This was actually supposed to be the main topic of my presentation at this year’s OpenSIPS Summit, which has unfortunately been canceled due to the ongoing epidemic. I still want to share some more information about this, though, so I may end up writing a dedicated blog post sooner or later.

Playback of static Opus files

With WebRTC so focused on streaming live content in real-time, we sometimes forget that there are cases where being able to stream or inject pre-recorded content can actually be quite helpful as well. For the vast majority of times this is needed, in Janus we typically rely on the Streaming plugin, and then leave the playout of pre-recorded content up to some external application (e.g., Gstreamer or FFmpeg), whose responsibility is packetizing, and possibly transcoding, some existing file to then stream via RTP to Janus. That said, for audio streaming there are easier approaches that don’t require these external sources. Specifically, since Opus is mandated in WebRTC, it’s sometimes easier to just go through an Opus file manually, and have one of the Janus plugins generate RTP packets accordingly.

This is exactly what we ended up doing for two different plugins. Specifically, we first added support for this feature to the Streaming plugin (to allow the setup of mountpoints associated to high quality pre-recorded audio content), and then did the same for the AudioBridge plugin as well (to facilitate use cases like announcements and music-on-hold).

In order to showcase how this works in practice, we configured a couple of Streaming plugin mountpoints in the online demo to use that functionality (where I shamelessly couldn’t resist the temptation of streaming one of my music efforts ).

Data channel improvements

While data channels are typically not as used as audio and video, in WebRTC, they’re not second-class citizens in Janus at all, as we also explained when delving a bit more in detail in this very blog. As such, it should come as no surprise that we regularly improve the support we have for data channels in Janus.

One enhancements we made a few weeks ago was the support for binary data. Since the very beginning, data channels support in Janus had been limited to text only: this meant that, in order to support binary data, you were basically required you to use text-based encodings like Base64 to be able to relay the data among WebRTC participants via Janus. Now binary data is explicitly supported, which made it much easier to accomodate some custom use cases as well.

We already anticipated, in another blog post, some new data channel functionality we’re working on as part of the Real-Time Text effort: in fact, the specification for using RTT over WebRTC requires support for the SCTP subprotocol. Since in Janus we didn’t support that yet, we implemented it as part of that effort. Considering support for subprotocols may actually be beneficial to other use cases rather than just RTT, we’re planning to move that part to a separate pull request as well, in order to have it merged sooner.

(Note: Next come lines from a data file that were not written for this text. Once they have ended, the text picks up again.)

(* Let $k\ge1$ and $n$ be integers, and suppose that neither $0$ nor $k-1$ lies in the tail of $G(n,k)$. Then $G(n,k)$ has a cycle $C'$ containing both $k-1$ and $(n-3)_{k+1}$, and a cycle $C''$ containing both $0$ and $(n-1)_{k+1}$. Moreover, $C'$ is longer (has more edges) than the tail.
   Context: For an integer $\ell$, $\ell_k$ and $\ell_{k+1}$ denote the least nonnegative residues of $\ell$ modulo $k$ and $k+1$. $G(n,k)$ is the directed graph on vertices $0,1,\dots,k$ whose edges are exactly the $k$ edges $(i+n-2)_{k+1}\to(i+n-1)_k$, $1\le i\le k$; a loop $a\to a$ counts as a cycle of length $1$. Vertex $k$ has in-degree $0$, vertex $(n-2)_{k+1}$ has out-degree $0$, and all other vertices have in- and out-degree $1$, so $G(n,k)$ is a disjoint union of directed cycles and one directed path, the tail, from $k$ to $(n-2)_{k+1}$ (of length $0$ if $k=(n-2)_{k+1}$). Lengths are numbers of edges. *)

theory Defs
  imports Main
begin

text \<open>Edges of G(n,k): (i+n-2) mod (k+1) -> (i+n-1) mod k for 1 <= i <= k.
  Vertices are integers 0..k; int mod with positive divisor is the least nonnegative residue.\<close>
definition Gedges :: "int \<Rightarrow> int \<Rightarrow> (int \<times> int) set" where
  "Gedges n k = {((i + n - 2) mod (k + 1), (i + n - 1) mod k) | i. 1 \<le> i \<and> i \<le> k}"

text \<open>A directed cycle: nonempty list of distinct vertices, each joined to the next cyclically.
  Its length (number of edges) is the length of the list; a loop is a cycle of length 1.\<close>
definition is_cycle :: "int \<Rightarrow> int \<Rightarrow> int list \<Rightarrow> bool" where
  "is_cycle n k c \<longleftrightarrow> c \<noteq> [] \<and> distinct c \<and>
     (\<forall>i < length c. (c ! i, c ! ((i + 1) mod length c)) \<in> Gedges n k)"

text \<open>The tail: the directed path (list of distinct vertices) from k to (n-2) mod (k+1).
  Its length (number of edges) is length of the list minus 1.\<close>
definition is_tail :: "int \<Rightarrow> int \<Rightarrow> int list \<Rightarrow> bool" where
  "is_tail n k p \<longleftrightarrow> p \<noteq> [] \<and> distinct p \<and> hd p = k \<and> last p = (n - 2) mod (k + 1) \<and>
     (\<forall>i. i + 1 < length p \<longrightarrow> (p ! i, p ! (i + 1)) \<in> Gedges n k)"

end

theory Submission
  imports Defs "HOL-Combinatorics.Orbits"
begin

(* Gluing the source k onto the sink t = (n-2) mod (k+1) turns G(n,k) into a permutation \<sigma>
   of {0..<k} whose cycles are those of G(n,k) together with the tail, closed up at t; the
   vertices (n-3) mod (k+1) and (n-1) mod (k+1) are t - 1 and t + 1 modulo k + 1.  If t = k the
   tail is just the vertex k and there is nothing to prove.  Otherwise, away from t - 1, t and
   k - 1 the permutation commutes with x \<mapsto> x + 1 (mod k), while \<sigma> t = \<sigma> (k-1) + 1
   and \<sigma> 0 = \<sigma> t + 1.  So the orbit of t runs one step above the orbit of k - 1, and
   the orbit of 0 one step above the orbit of t, until the lower orbit meets an exceptional
   point.  As 0 and k - 1 are not on the tail, the orbit of k - 1 must first meet t - 1, by which
   time the tail has already closed, so the cycle of k - 1 is longer; and the orbit of t must
   first return to t - 1 or t, which puts t + 1 on the cycle of 0. *)

definition orbit_list :: "('a \<Rightarrow> 'a) \<Rightarrow> 'a \<Rightarrow> 'a list" where
  "orbit_list f x = map (\<lambda>i. (f ^^ i) x) [0..<funpow_dist1 f x x]"

lemma length_orbit_list [simp]: "length (orbit_list f x) = funpow_dist1 f x x"
  by (simp add: orbit_list_def)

Finally, there’s another branch that is just sitting there and waiting to be merged, which is aimed at making the delivery of data channel messages more reliable. More precisely, this patch adds a new callback that Janus plugins can see invoked, which notifies them any time a data channel becomes writable. This is actually useful for two different reasons:

it lets the plugin be aware of exactly when the data channel has really been established (success in establishing a PeerConnection is not a valid trigger for that, since it’ precedes the SCTP handshake), and so when data can be first sent to a user;
it tells the plugin when the internal SCTP buffers are empty, and so data can be queued.

Both are actually quite important events, as they allow plugins to properly decide when they can start sending data, and possibly also how to pace the delivery of larger amounts of it.

Insertable Streams and E2EE

I’m sure you’ve heard a lot about end-to-end encryption and real-time communications, these past few weeks, especially when it turned out companies like Zoom were abusing the term for something that wasn’t really E2EE at all.

While WebRTC does support E2EE by design, that’s only true for sessions that are truly peer-to-peer: any time you go through a server like Janus, what you end up are still secure sessions, but only hop-by-hop. This means that you’ll have secure channels with the server, and so will the people you communicate with, but the server will have access to the unencrypted media. This is usually fine, as most of the times that media may need to be unencrypted in order to provide some additional feature, but is not mandatory. This is what led to different efforts in the standardization community to come up with ways to provide actual E2EE even though a media server.

A few years ago an approach called PERC Lite was proposed, which we did implement as a branch in Janus, but was eventually discarded. One of the newest efforts in that direction have been Insertable Streams, which basically allow the JavaScript developer to “transform” the encoded streams on the way in and out in. If such transforms actually implement encrypting functionality, the end result is that the streams that will travel with WebRTC will still be routable by the server, but without giving the server access to the media content. A good example of such a crypto transform are SFrames.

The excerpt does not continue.